- The Washington Times - Thursday, November 23, 2000

A District of Columbia block hit by vandals last month is under attack again, and this time the perpetrators made it personal: The person poured urine on the front door of a resident who spoke out against the earlier crimes.

Jan Bailey and several neighbors in the 4700 block of 15th Street NW were awakened in the early-morning hours Monday to find their tires slashed and car windows smashed.

Mr. Bailey, 58, found urine all over his front door, and some of it had seeped onto a rug in his house. After cleaning it up, he returned to bed.

When he woke again at 7:30 a.m., his car had been further damaged. It was the only one in the block with every car window smashed out, and all but one tire slashed.

"It's more personalized" than the Oct. 19 attack, Mr. Bailey told The Washington Times.

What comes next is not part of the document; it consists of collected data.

lemma continuous_on_prod_map:
  fixes f :: "'a::topological_space \<Rightarrow> 'b::topological_space"
  assumes "continuous_on A f"
  shows "continuous_on (tuples d A) (prod_map d f)"
  unfolding prod_map_def
proof (intro continuous_on_coordinatewise_then_product)
  fix j
  show "continuous_on (tuples d A) (\<lambda>x. if j \<in> {1..d} then f (x j) else undefined)"
  proof (cases "j \<in> {1..d}")
    case True
    have "continuous_on (tuples d A) (\<lambda>x. x j)"
      by (rule continuous_on_subset[OF continuous_on_product_coordinates]) simp
    moreover have "(\<lambda>x. x j) ` tuples d A \<subseteq> A"
      using True by (auto simp: mem_tuples_iff)
    ultimately show ?thesis
      using True continuous_on_compose2[OF assms] by simp
  next
    case False
    then show ?thesis
      by (simp only: if_False) (rule continuous_on_const)
  qed
qed

lemma prod_map_prod_map:
  assumes "x \<in> tuples d A" "\<forall>a\<in>A. f (g a) = h a"
  shows "prod_map d f (prod_map d g x) = prod_map d h x"
  using assms by (auto simp: prod_map_def mem_tuples_iff)

lemma prod_map_id_on:
  assumes "x \<in> tuples d A" "\<forall>a\<in>A. f a = a"
  shows "prod_map d f x = x"
  using assms by (auto simp: prod_map_def mem_tuples_iff)

lemma tdsD:
  assumes "tds A T"
  shows "compact A" "T ` A = A" "inj_on T A"
proof -
  obtain T' where "homeomorphism A A T T'"
    using assms unfolding tds_def by auto
  then show "T ` A = A" "inj_on T A"
    unfolding homeomorphism_def inj_on_def by metis+
  show "compact A"
    using assms unfolding tds_def by auto
qed

lemma funpow_mem: "T ` A \<subseteq> A \<Longrightarrow> z \<in> A \<Longrightarrow> (T ^^ n) z \<in> A"
  by (induction n) auto

lemma ipow_mem:
  assumes "T ` A = A" "z \<in> A"
  shows "ipow A T n z \<in> A"
proof -
  have "inv_into A T ` A \<subseteq> A"
    using assms(1) by (metis image_subsetI inv_into_into)
  then show ?thesis
    unfolding ipow_def using assms funpow_mem[of T A] funpow_mem[of "inv_into A T" A] by auto
qed

lemma funpow_commute:
  assumes "T ` A \<subseteq> A" "\<forall>y\<in>A. f (T y) = U (f y)" "z \<in> A"
  shows "f ((T ^^ n) z) = (U ^^ n) (f z)"
  using assms by (induction n) (auto simp: funpow_mem)

lemma inv_into_commute:
  assumes TA: "TA ` A = A" and TB: "inj_on TB B" and f: "f ` A = B"
    and comm: "\<forall>y\<in>A. f (TA y) = TB (f y)" and w: "w \<in> A"
  shows "f (inv_into A TA w) = inv_into B TB (f w)"
proof -
  let ?u = "inv_into A TA w"
  have "?u \<in> A" "TA ?u = w"
    using TA w by (metis inv_into_into, metis f_inv_into_f)
  then have "f w = TB (f ?u)" "f ?u \<in> B"
    using comm f by auto
  then show ?thesis
    using TB by simp
qed

lemma ipow_commute:
  assumes TA: "TA ` A = A" and TB: "inj_on TB B" and f: "f ` A = B"
    and comm: "\<forall>y\<in>A. f (TA y) = TB (f y)" and z: "z \<in> A"
  shows "f (ipow A TA n z) = ipow B TB n (f z)"
proof -
  have "inv_into A TA ` A \<subseteq> A"
    using TA by (metis image_subsetI inv_into_into)
  moreover have "\<forall>w\<in>A. f (inv_into A TA w) = inv_into B TB (f w)"
    using inv_into_commute[OF TA TB f comm] by blast
  ultimately show ?thesis
    unfolding ipow_def using funpow_commute[OF _ comm z] funpow_commute[of _ A f, OF _ _ z] TA
    by auto
qed

lemma progression_tuples_subset_tuples:
  "T ` A = A \<Longrightarrow> progression_tuples d A T \<subseteq> tuples d A"
  by (auto simp: progression_tuples_def progression_def mem_tuples_iff ipow_mem)

lemma N_d_subset_tuples:
  fixes A :: "'a::metric_space set"
  assumes "tds A T"
  shows "N_d d A T \<subseteq> tuples d A"
  unfolding N_d_eq_closure_progression_tuples
  using assms by (intro closure_minimal progression_tuples_subset_tuples compact_imp_closed
      compact_tuples) (auto dest: tdsD)

lemma compact_N_d:
  fixes A :: "'a::metric_space set"
  assumes "tds A T"
  shows "compact (N_d d A T)"
proof -
  have "compact (tuples d A \<inter> N_d d A T)"
    using assms unfolding N_d_eq_closure_progression_tuples
    by (intro compact_Int_closed compact_tuples tdsD(1)) simp_all
  moreover have "tuples d A \<inter> N_d d A T = N_d d A T"
    using N_d_subset_tuples[OF assms] by blast
  ultimately show ?thesis
    by simp
qed

lemma continuous_on_prod_map_N_d:
  fixes A :: "'a::metric_space set" and f :: "'a \<Rightarrow> 'b::metric_space"
  assumes "tds A T" "continuous_on A f"
  shows "continuous_on (N_d d A T) (prod_map d f)"
  using continuous_on_prod_map[OF assms(2)] N_d_subset_tuples[OF assms(1)]
  by (rule continuous_on_subset)

lemma prod_map_progression:
  assumes "TA ` A = A" "inj_on TB B" "f ` A = B" "\<forall>y\<in>A. f (TA y) = TB (f y)" "z \<in> A"
  shows "prod_map d f (progression d A TA z p q) = progression d B TB (f z) p q"
  using ipow_commute[OF assms] by (auto simp: prod_map_def progression_def)

lemma prod_map_progression_tuples:
  assumes TA: "TA ` A = A" and TB: "inj_on TB B" and f: "f ` A = B"
    and comm: "\<forall>y\<in>A. f (TA y) = TB (f y)"
  shows "prod_map d f ` progression_tuples d A TA = progression_tuples d B TB"
proof -
  have "prod_map d f ` progression_tuples d A TA = {prod_map d f (progression d A TA z p q) | z p q. z \<in> A}"
    unfolding progression_tuples_def by blast
  also have "\<dots> = {progression d B TB (f z) p q | z p q. z \<in> A}"
    using prod_map_progression[OF TA TB f comm] by metis
  also have "\<dots> = progression_tuples d B TB"
    unfolding progression_tuples_def using f by blast
  finally show ?thesis .
qed

lemma image_closure_compact:
  fixes f :: "'a::topological_space \<Rightarrow> 'b::t2_space"
  assumes "compact (closure S)" "continuous_on (closure S) f"
  shows "f ` closure S = closure (f ` S)"
proof
  show "f ` closure S \<subseteq> closure (f ` S)"
    using image_closure_subset[OF assms(2) closed_closure closure_subset] .
  have "closed (f ` closure S)"
    using assms by (intro compact_imp_closed compact_continuous_image)
  then show "closure (f ` S) \<subseteq> f ` closure S"
    by (intro closure_minimal image_mono closure_subset)
qed

lemma prod_map_image_N_d:
  fixes A :: "'a::metric_space set" and B :: "'b::metric_space set"
  assumes TA: "tds A TA" and TB: "tds B TB"
    and f: "factor_map A (\<lambda>_::unit. TA) B (\<lambda>_. TB) f"
  shows "prod_map d f ` N_d d A TA = N_d d B TB"
proof -
  have "continuous_on (N_d d A TA) (prod_map d f)"
    using TA f unfolding factor_map_def by (blast intro: continuous_on_prod_map_N_d)
  then show ?thesis
    using compact_N_d[OF TA] f tdsD(2)[OF TA] tdsD(3)[OF TB]
    unfolding N_d_eq_closure_progression_tuples factor_map_def
    by (simp add: image_closure_compact prod_map_progression_tuples)
qed

lemma prod_map_G_d:
  assumes "TA ` A \<subseteq> A" "\<forall>y\<in>A. f (TA y) = TB (f y)" "x \<in> tuples d A"
  shows "prod_map d f (G_d d TA k x) = G_d d TB k (prod_map d f x)"
  using assms funpow_commute[OF assms(1,2)]
  by (auto simp: G_d_def prod_map_def mem_tuples_iff)

lemma factor_map_prod_map:
  fixes A :: "'a::metric_space set" and B :: "'b::metric_space set"
  assumes TA: "tds A TA" and TB: "tds B TB"
    and f: "factor_map A (\<lambda>_::unit. TA) B (\<lambda>_. TB) f"
  shows "factor_map (N_d d A TA) (G_d d TA) (N_d d B TB) (G_d d TB) (prod_map d f)"
  unfolding factor_map_def
proof (intro conjI allI ballI)
  show "continuous_on (N_d d A TA) (prod_map d f)"
    using TA f unfolding factor_map_def by (blast intro: continuous_on_prod_map_N_d)
  show "prod_map d f ` N_d d A TA = N_d d B TB"
    using prod_map_image_N_d[OF TA TB f] .
  show "prod_map d f (G_d d TA k x) = G_d d TB k (prod_map d f x)" if "x \<in> N_d d A TA" for k x
  proof (rule prod_map_G_d)
    show "TA ` A \<subseteq> A" "\<forall>y\<in>A. f (TA y) = TB (f y)"
      using f tdsD(2)[OF TA] unfolding factor_map_def by auto
    show "x \<in> tuples d A"
      using that N_d_subset_tuples[OF TA] by blast
  qed
qed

"The fact that this individual came on my porch and did what they did … you just don't know," he said. "I've never been treated this way."

One or more persons slashed at least 34 tires in the same block in the early-morning hours of Thursday, Oct. 19.

The Metropolitan Police Department has increased patrols on the block and chased leads, but it is a tough case to break, said Lt. Jimmie Riley of the department's 4th District.

Investigators believe this latest attacker may have had a different motive because far fewer cars were hit five instead of almost 20 and because someone soiled Mr. Bailey's door.

"Someone is carrying out some anger in them, and it seems to be directed at [Mr. Bailey] and his property," Lt. Riley said. "People don't come up on your front porch and urinate for no reason. This is not a random thing. There's something that makes it personally involved."

Lt. Riley suggested it may involve a domestic dispute Mr. Bailey is having with a relative, but he would not elaborate.

"It's directed at this gentleman specifically," he said. "It sort of focused on him and a relative. It's more like a personal thing."

Mr. Bailey said he told police about a spat with his son, who lives in Northern Virginia, this summer, "but he would never do anything like this." He wouldn't elaborate.

That does not explain, however, why other residents on the block were targeted Monday, Lt. Riley said.

Mr. Bailey insists he has no enemies, and said he has no idea why the vandalism is happening.

"Why we're being targeted is puzzling," he said. "We really can't put a handle on it. I haven't panicked yet, but I'm very concerned."

Police found blood droplets on the ground by Mr. Bailey's car, leading them to believe the vandal used his hand to break the windows.

Mr. Bailey believes the perpetrator must have been on drugs; police believe only that the vandal was full of fury.

"That's pure anger. That's not random," Lt. Riley said.

At a community meeting following the initial incident, police said they had no motive. They suggested trouble may be spilling into 16th Street Heights from groups of rival teens involved in a spate of shootings, drug deals and vandalism in surrounding neighborhoods.

But Lt. Riley told The Times yesterday that police have ruled out gangs.

Mr. Bailey has spent more than $1,200 on repairs to his car, but worrying about the vandal is what weighs on him.

"Greater than that is the psychological cost, which I just can't measure right now," he said. "I'm just wondering if this will happen every month."

Residents are discussing ways to fight back, such as establishing resident patrols and funding a reward for information that leads to the perpetrator.

"We're getting the word out that we are serious about protecting our block," Mr. Bailey said. "And that we're not going to be intimidated by this kind of madness. We're fighters."